I was one who jumped in, then tried to automate my way out of client-side slow
renders with [https://www.roast.io/](https://www.roast.io/) (uses a headless
browser to server-side render a JS app)

------
NicoJuicy
I can integrate js in a viewengine in asp.net MVC for reuse of HTML components
( yes, server side rendering based on the v8 js engine)

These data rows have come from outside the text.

lemma red_homology_bound:
  assumes "T \<subseteq> V" "red_homology_nonzero (K::'k::field itself) (ind_complex E T) j"
  shows "\<exists>\<H>. admissible_family T E \<H> \<and> j \<le> family_value E \<H>"
  using assms
proof (induction "card T" arbitrary: T j rule: less_induct)
  case less
  have TV: "T \<subseteq> V" and rh: "red_homology_nonzero K (ind_complex E T) j" using less.prems by auto
  have finT: "finite T" using TV finite_V finite_subset by blast
  have IH: "\<exists>\<H>. admissible_family T' E \<H> \<and> j' \<le> family_value E \<H>"
    if "T' \<subset> T" "red_homology_nonzero K (ind_complex E T') j'" for T' j'
  proof -
    have "T' \<subseteq> V" using that(1) TV by blast
    then show ?thesis using less.hyps[OF psubset_card_mono[OF finT that(1)] _ that(2)] by blast
  qed
  have split: "(\<exists>\<H>. admissible_family T E \<H> \<and> j \<le> family_value E \<H>)
      \<or> (\<exists>k. j = Suc k \<and> red_homology_nonzero K (ind_complex E (T - closed_nbhd E x)) k)"
    if x: "x \<in> T" for x
  proof -
    have "\<exists>\<H>. admissible_family T E \<H> \<and> j \<le> family_value E \<H>"
      if rhx: "red_homology_nonzero K (ind_complex E (T - {x})) j"
    proof -
      obtain \<H> where "admissible_family (T - {x}) E \<H>" "j \<le> family_value E \<H>"
        using IH[OF _ rhx] x by blast
      then show ?thesis using admissible_family_mono[of "T - {x}" E \<H> T] by blast
    qed
    then show ?thesis using red_homology_nonzero_link_deletion[OF finT x sym irrefl rh] by blast
  qed
  show ?case
  proof (cases j)
    case 0
    then show ?thesis using admissible_family_empty by blast
  next
    case (Suc k)
    consider (isolated) y where "y \<in> T" "\<forall>v\<in>T. \<not> E y v"
      | (dominated) x y where "x \<in> T" "y \<in> T" "x \<noteq> y" "\<forall>v\<in>T. E y v \<longrightarrow> E x v"
      | (incomparable) "incomparable_nbhds T" "\<forall>y\<in>T. \<exists>v\<in>T. E y v"
      unfolding incomparable_nbhds_def by blast
    then show ?thesis
    proof cases
      case isolated
      have "\<forall>v\<in>T. \<not> E y v \<and> \<not> E v y" using isolated(2) E_sym by blast
      then have False
        using isolated_vertex_red_homology_zero[where E = E, OF finT isolated(1) irreflpD[OF irrefl, of y]] rh
        by blast
      then show ?thesis ..
    next
      case dominated
      then show ?thesis
        using split[OF dominated(1)] dominated_vertex_link_red_homology_zero[OF finT sym irrefl dominated]
        by blast
    next
      case incomparable
      have "T \<noteq> {}" using red_homology_nonzero_le_card[OF finT rh] Suc by auto
      then obtain x y where x: "x \<in> T" and y: "y \<in> T" "E x y" using incomparable(2) by blast
      from split[OF x] show ?thesis
      proof (elim disjE)
        assume "\<exists>k'. j = Suc k' \<and> red_homology_nonzero K (ind_complex E (T - closed_nbhd E x)) k'"
        then have "red_homology_nonzero K (ind_complex E (T - closed_nbhd E x)) k" using Suc by auto
        then obtain \<H> where adm: "admissible_family (T - closed_nbhd E x) E \<H>"
          and k: "k \<le> family_value E \<H>"
          using IH[of "T - closed_nbhd E x"] x by (auto simp: closed_nbhd_def)
        obtain \<H>' where "admissible_family T E \<H>'" "Suc (family_value E \<H>) \<le> family_value E \<H>'"
          using family_grows_at_vertex[OF TV incomparable(1) x y adm] by blast
        moreover have "j \<le> Suc (family_value E \<H>)" using k Suc by simp
        ultimately show ?thesis by (blast intro: le_trans)
      qed
    qed
  qed
qed
end
section \<open>Designs from an index-two system\<close>

text \<open>In the construction over GF(2^m), c i is the field element x_i of position i, H i j
  is the index-two subgroup (x_i + x_j) V, and N i j maps a digit to (x_i + x_j) times
  the corresponding element of V.\<close>

locale index_two_system =
  fixes n q0 s :: nat
    and U :: "'w::ab_group_add set"
    and H :: "nat \<Rightarrow> nat \<Rightarrow> 'w set"
    and N :: "nat \<Rightarrow> nat \<Rightarrow> nat \<Rightarrow> 'w"
    and c :: "nat \<Rightarrow> 'w"
  assumes two_le_n: "2 \<le> n" and s_pos: "0 < s"
    and U_zero: "0 \<in> U" and U_diff: "\<And>x y. x \<in> U \<Longrightarrow> y \<in> U \<Longrightarrow> x - y \<in> U"
    and H_zero: "\<And>i j. 0 \<in> H i j"
    and H_diff: "\<And>i j x y. x \<in> H i j \<Longrightarrow> y \<in> H i j \<Longrightarrow> x - y \<in> H i j"
    and H_sym: "\<And>i j. H i j = H j i"
    and H_subset: "\<And>i j. H i j \<subseteq> U"
    and H_index_two: "\<And>i j x y. i < n \<Longrightarrow> j < n \<Longrightarrow> i \<noteq> j \<Longrightarrow>
      x \<in> U - H i j \<Longrightarrow> y \<in> U - H i j \<Longrightarrow> x - y \<in> H i j"
    and N_bij: "\<And>i j. i < n \<Longrightarrow> j < n \<Longrightarrow> i \<noteq> j \<Longrightarrow> bij_betw (N i j) {..<q0} (H i j)"
    and N_diff: "\<And>i j k a. i < n \<Longrightarrow> j < n \<Longrightarrow> k < n \<Longrightarrow> k \<noteq> i \<Longrightarrow> k \<noteq> j \<Longrightarrow> a < q0 \<Longrightarrow>
      N i k a - N j k a \<in> H i j"
    and c_mem: "\<And>i. i < n \<Longrightarrow> c i \<in> U"
    and c_diff: "\<And>i j. i < n \<Longrightarrow> j < n \<Longrightarrow> i \<noteq> j \<Longrightarrow> c i - c j \<notin> H i j"
begin

lemma q0_pos: "0 < q0"
proof -
  have "0 \<in> N 0 1 ` {..<q0}" using N_bij[of 0 1] two_le_n H_zero by (simp add: bij_betw_def)
  then show ?thesis by (auto intro: gr0I)
qed

lemma N_mem: "i < n \<Longrightarrow> j < n \<Longrightarrow> i \<noteq> j \<Longrightarrow> N i j (a mod q0) \<in> H i j"
  using N_bij[of i j] q0_pos by (auto simp: bij_betw_def)
lemma triple_roman_dom_le_4: "triple_roman_dom V E h \<Longrightarrow> v \<in> V \<Longrightarrow> h v \<le> 4"
  by (simp add: triple_roman_dom_def)

lemma triple_roman_dom_weight_lower_bound:
  assumes G: "simple_graph V E" and h: "triple_roman_dom V E h"
    and "2 \<le> \<Delta>" and deg: "\<forall>v\<in>V. degree V E v \<le> \<Delta>"
  shows "2 * card V + (\<Delta> - 1) * card {v\<in>V. 1 \<le> h v} \<le> \<Delta> * weight V h"
proof -
  have fin: "finite V" using simple_graph_finite[OF G] .
  define T where "T = (\<Sum>v\<in>V. h v - 1)"
  define s where "s = card {v\<in>V. 1 \<le> h v}"
  define f where "f v = (\<Sum>u\<in>nbhd V E v. h u - 1)" for v
  have "(\<Sum>v\<in>V. f v) = (\<Sum>u\<in>V. degree V E u * (h u - 1))"
    unfolding f_def using sum_sum_nbhd[OF G, of "\<lambda>u. h u - 1"] by simp
  also have "\<dots> \<le> (\<Sum>u\<in>V. \<Delta> * (h u - 1))"
    using deg by (intro sum_mono mult_right_mono) auto
  finally have excess: "(\<Sum>v\<in>V. f v) \<le> \<Delta> * T"
    unfolding T_def by (simp add: sum_distrib_left)
  have "6 * card V = (\<Sum>v\<in>V. 6)" by simp
  also have "\<dots> \<le> (\<Sum>v\<in>V. 2 * f v + \<Delta> * (h v - 1) + 3 * of_bool (1 \<le> h v))"
  proof (rule sum_mono)
    fix v assume "v \<in> V"
    show "6 \<le> 2 * f v + \<Delta> * (h v - 1) + 3 * of_bool (1 \<le> h v)"
      using triple_roman_dom_le_4[OF h \<open>v \<in> V\<close>] \<open>2 \<le> \<Delta>\<close>
        triple_roman_dom_nbhd_excess[OF G h \<open>v \<in> V\<close>]
      unfolding f_def by (rule triple_roman_vertex_charge)
  qed
  also have "\<dots> = 2 * (\<Sum>v\<in>V. f v) + \<Delta> * T + 3 * s"
    unfolding T_def s_def using fin
    by (simp add: sum.distrib sum_distrib_left Collect_conj_eq Int_commute)
  finally have "2 * card V \<le> \<Delta> * T + s"
    using excess by linarith
  moreover have "weight V h = T + s"
    unfolding weight_def T_def s_def by (rule sum_eq_sum_diff_one_plus_card_support[OF fin])
  moreover have "\<Delta> * s = (\<Delta> - 1) * s + s"
    using \<open>2 \<le> \<Delta>\<close> by (simp add: algebra_simps diff_mult_distrib)
  ultimately show ?thesis
    unfolding s_def by (simp add: algebra_simps)
qed
lemma reward_single_capturer:
  assumes "\<not> is_capture N s" "i \<in> {1..N-1}" "m \<in> {1..N-1}" "m \<noteq> i"
  shows "reward N \<epsilon> m ((fst s)(i := fst s N), n) = \<epsilon> / real (N - 2)"
proof -
  have "{j\<in>{1..N-1}. ((fst s)(i := fst s N)) j = ((fst s)(i := fst s N)) N} = {i}"
    using assms(1,2) by (auto simp: is_capture_def)
  moreover have "N > 2" using assms(2-4) by auto
  ultimately show ?thesis
    using assms(1-4) by (auto simp: reward_def is_capture_def numeral_2_eq_2)
qed

lemma payoff_eq_at_capture_time:
  assumes "is_capture N (play N \<tau> s t)" "\<forall>t'<t. \<not> is_capture N (play N \<tau> s t')"
  shows "payoff N \<gamma> \<epsilon> m \<tau> s = reward N \<epsilon> m (play N \<tau> s t) * \<gamma> ^ t"
proof -
  have "(LEAST t. is_capture N (play N \<tau> s t)) = t"
    by (rule Least_equality) (use assms not_less in auto)
  then show ?thesis using assms(1) unfolding payoff_def by (auto simp: Let_def)
qed

lemma robber_payoff_gt_if_no_capture_before_2:
  assumes "\<not> is_capture N (play N \<tau> s 0)" "\<not> is_capture N (play N \<tau> s 1)"
    and "0 < \<gamma>" "\<gamma> < 1"
  shows "payoff N \<gamma> \<epsilon> N \<tau> s > - \<gamma>"
proof (cases "\<exists>t. is_capture N (play N \<tau> s t)")
  case True
  define t0 where "t0 = (LEAST t. is_capture N (play N \<tau> s t))"
  have "is_capture N (play N \<tau> s t0)" using True unfolding t0_def by (metis LeastI)
  with assms(1,2) have "t0 \<ge> 2" by (metis One_nat_def less_2_cases not_le)
  then have "\<gamma> ^ t0 \<le> \<gamma> ^ 2" using assms(3,4) by (intro power_decreasing) auto
  also have "\<dots> < \<gamma>" using assms(3,4) by (simp add: power2_eq_square)
  finally show ?thesis
    using True unfolding payoff_def t0_def by (simp add: Let_def reward_def)
next
  case False
  then show ?thesis using assms(3) unfolding payoff_def by simp
qed

lemma optimal_pair_deviation_of_others:
  assumes "optimal_pair N V E \<gamma> \<epsilon> m \<phi>" "s \<in> game_states N V" "\<not> is_capture N s"
    and "\<forall>n\<in>{1..N} - {m}. legal_strategy N V E n (\<beta> n)"
  shows "payoff N \<gamma> \<epsilon> m (\<lambda>n. pos_to_hist (\<phi> n)) s
           \<le> payoff N \<gamma> \<epsilon> m (\<beta>(m := pos_to_hist (\<phi> m))) s"
  using assms unfolding optimal_pair_def Let_def by blast

lemma reachable_pass_turns:
  assumes "s0 \<in> game_states N V" "\<not> is_capture N s0" "n \<in> {1..N}"
  shows "(fst s0, n) \<in> reachable N V E s0"
proof -
  have N: "N > 0" and s0: "snd s0 \<in> {1..N}" using assms(1,3) by (auto simp: game_states_def)
  have "(fst s0, (snd s0 - 1 + j) mod N + 1) \<in> reachable N V E s0" for j
  proof (induction j)
    case 0
    from s0 have "(snd s0 - 1) mod N + 1 = snd s0" by auto
    then show ?case using reachable.init by simp
  next
    case (Suc j)
    let ?s = "(fst s0, (snd s0 - 1 + j) mod N + 1)"
    have "(snd s0 - 1 + j) mod N + 1 \<in> {1..N}" using N by (simp add: Suc_leI)
    then have "fst ?s (snd ?s) \<in> cnbhd V E (fst ?s (snd ?s))"
      using game_states_position[OF assms(1)] by (simp add: cnbhd_def)
    moreover have "\<not> is_capture N ?s" using assms(2) by (simp add: is_capture_def)
    moreover have "step N ?s (fst ?s (snd ?s)) = (fst s0, (snd s0 - 1 + Suc j) mod N + 1)"
      by (simp add: step_def next_token_def mod_Suc_eq)
    ultimately show ?case using reachable.mv[OF Suc] by metis
  qed
  moreover have "(snd s0 - 1 + (N - (snd s0 - 1) + (n - 1))) mod N + 1 = n"
    using s0 assms(3) by (cases n) (auto simp: add.commute)
  ultimately show ?thesis by metis
qed

lemma CR_optimal_cop_captures:
  assumes "complete_graph V E" "k \<in> {1..N-1}"
    and "s \<in> game_states N V" "snd s = k" "\<not> is_capture N s"
    and "0 < \<gamma>" "\<gamma> < 1"
    and "CR_optimal N V E \<gamma> \<epsilon> k f"
  shows "f s = fst s N"
proof (rule ccontr)
  assume miss: "f s \<noteq> fst s N"
  obtain \<psi> where opt: "optimal_pair N V E \<gamma> \<epsilon> N \<psi>" and f: "\<psi> k = f"
    using assms(8) by (auto simp: CR_optimal_def)
  define chase :: "nat \<Rightarrow> 'a state list \<Rightarrow> 'a" where "chase = (\<lambda>n h. fst (last h) N)"
  let ?\<tau> = "\<lambda>n. pos_to_hist (\<psi> n)"
  let ?dev = "chase(N := pos_to_hist (\<psi> N))"
  have cop: "snd s \<in> {1..N-1}" and "k \<noteq> N" using assms(2,4) by auto
  have "- \<gamma> < payoff N \<gamma> \<epsilon> N ?\<tau> s"
  proof (rule robber_payoff_gt_if_no_capture_before_2)
    have "play N ?\<tau> s 1 = step N s (f s)"
      using assms(4) f by (simp add: play_Suc[where t = 0, simplified] pos_to_hist_def)
    then show "\<not> is_capture N (play N ?\<tau> s 1)"
      using is_capture_step_cop[OF cop assms(5)] miss by simp
  qed (use assms(5-7) in auto)
  also have "\<dots> \<le> payoff N \<gamma> \<epsilon> N ?dev s"
    using optimal_pair_deviation_of_others[OF opt assms(3,5)] assms(1)
    by (simp add: chase_def legal_strategy_chase_robber)
  also have "\<dots> = - \<gamma>"
  proof -
    have "play N ?dev s 1 = step N s (fst s N)"
      using assms(4) \<open>k \<noteq> N\<close> by (simp add: play_Suc[where t = 0, simplified] chase_def)
    then have "is_capture N (play N ?dev s 1)"
      using is_capture_step_cop[OF cop assms(5)] by simp
    then show ?thesis
      using payoff_eq_at_capture_time[of N ?dev s 1] assms(5) by (simp add: reward_def)
  qed
  finally show False by simp
qed

lemma optimal_pair_cop_defers_capture:
  assumes "complete_graph V E" "k \<in> {1..N-1}" "Suc k \<in> {1..N-1}"
    and "m \<in> {1..N-1}" "m \<noteq> k" "m \<noteq> Suc k"
    and "s \<in> game_states N V" "snd s = k" "\<not> is_capture N s"
    and "0 < \<epsilon>" "0 < \<gamma>" "\<gamma> < 1"
    and "optimal_pair N V E \<gamma> \<epsilon> m \<phi>"
  shows "\<phi> k s \<noteq> fst s N"
proof
  assume capture: "\<phi> k s = fst s N"
  define \<beta> :: "nat \<Rightarrow> 'a state list \<Rightarrow> 'a"
    where "\<beta> = (\<lambda>n h. if n = Suc k then fst (last h) N else fst (last h) n)"
  define c where "c = \<epsilon> / real (N - 2)"
  let ?\<tau> = "\<lambda>n. pos_to_hist (\<phi> n)"
  let ?dev = "\<beta>(m := pos_to_hist (\<phi> m))"
  have cop: "snd s \<in> {1..N-1}" and cop': "snd (fst s, Suc k) \<in> {1..N-1}"
    using assms(2,3,8) by auto
  have nc': "\<not> is_capture N (fst s, Suc k)" using assms(9) by (simp add: is_capture_def)
  have "c * \<gamma> = payoff N \<gamma> \<epsilon> m ?\<tau> s"
  proof -
    have p1: "play N ?\<tau> s 1 = ((fst s)(k := fst s N), next_token N k)"
      using assms(8) capture by (simp add: play_Suc[where t = 0, simplified] pos_to_hist_def step_def)
    then have "is_capture N (play N ?\<tau> s 1)"
      using is_capture_step_cop[OF cop assms(9)] assms(8) by (simp add: step_def)
    then show ?thesis
      using payoff_eq_at_capture_time[of N ?\<tau> s 1] assms(9) p1
        reward_single_capturer[OF assms(9,2,4,5)] by (simp add: c_def)
  qed
  also have "\<dots> \<le> payoff N \<gamma> \<epsilon> m ?dev s"
  proof (rule optimal_pair_deviation_of_others[OF assms(13,7,9)], intro ballI)
    fix n assume "n \<in> {1..N} - {m}"
    then show "legal_strategy N V E n (\<beta> n)" using assms(1) by (cases "n = Suc k")
        (simp_all add: \<beta>_def legal_strategy_chase_robber legal_strategy_stay)
  qed
  also have "\<dots> = c * \<gamma> ^ 2"
  proof -
    have "next_token N k = Suc k" using assms(3) by (simp add: next_token_def)
    then have p1: "play N ?dev s 1 = (fst s, Suc k)"
      using assms(5,8) by (simp add: play_Suc[where t = 0, simplified] \<beta>_def step_def)
    then have p2: "play N ?dev s 2 = step N (fst s, Suc k) (fst s N)"
      using assms(6) unfolding numeral_2_eq_2 play_Suc[of _ _ _ "Suc 0"]
      by (simp add: p1[unfolded One_nat_def] \<beta>_def del: history.simps)
    have "is_capture N (play N ?dev s 2)"
      using is_capture_step_cop[OF cop' nc'] p2 by simp
    moreover have "\<forall>t<2. \<not> is_capture N (play N ?dev s t)"
      using assms(9) nc' p1 by (auto simp: less_2_cases_iff)
    moreover have "reward N \<epsilon> m (play N ?dev s 2) = c"
      using p2 reward_single_capturer[OF nc' assms(3,4,6)] by (simp add: step_def c_def)
    ultimately show ?thesis using payoff_eq_at_capture_time by metis
  qed
  finally have "c * \<gamma> \<le> c * \<gamma> ^ 2" .
  moreover have "c > 0"
  proof -
    have "N > 2" using assms(2,3) by auto
    then show ?thesis using assms(10) by (simp add: c_def)
  qed
  moreover have "\<gamma> ^ 2 < \<gamma>" using assms(11,12) by (simp add: power2_eq_square)
  ultimately show False by (simp add: mult_le_cancel_left_pos)
qed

I also use razor though, but this is a neat workaround instead of using a
headless browser.

The right mix of using scaffolders in. Net ( server side) and client side
components can decrease development time exponentially

------
leowoo91
I'm still surprised how many people are not aware of client-side rendering
being unstable, because they don't see the final result per visitor, but a
prediction most of the time. Testing cross-browser is another story, though it
can help a bit, is also usually omitted.

------
badsavage
Server-side rendered React with Clojure is my favorite way to deal with a
website

------
torte
The talk died down because it became a standard way of doing things now. It
isn't something special anymore and the tooling has evolved to make it more
seamless.

------
andrei_says_
It’s happy and well, being the main source of rendering in most of my live
apps.

------
moltar
Nuxt is in full swing

------
aboutruby
Most people have realized it's actually complicated to do it right and just
gave up on server-rendering their React apps (e.g. Reddit).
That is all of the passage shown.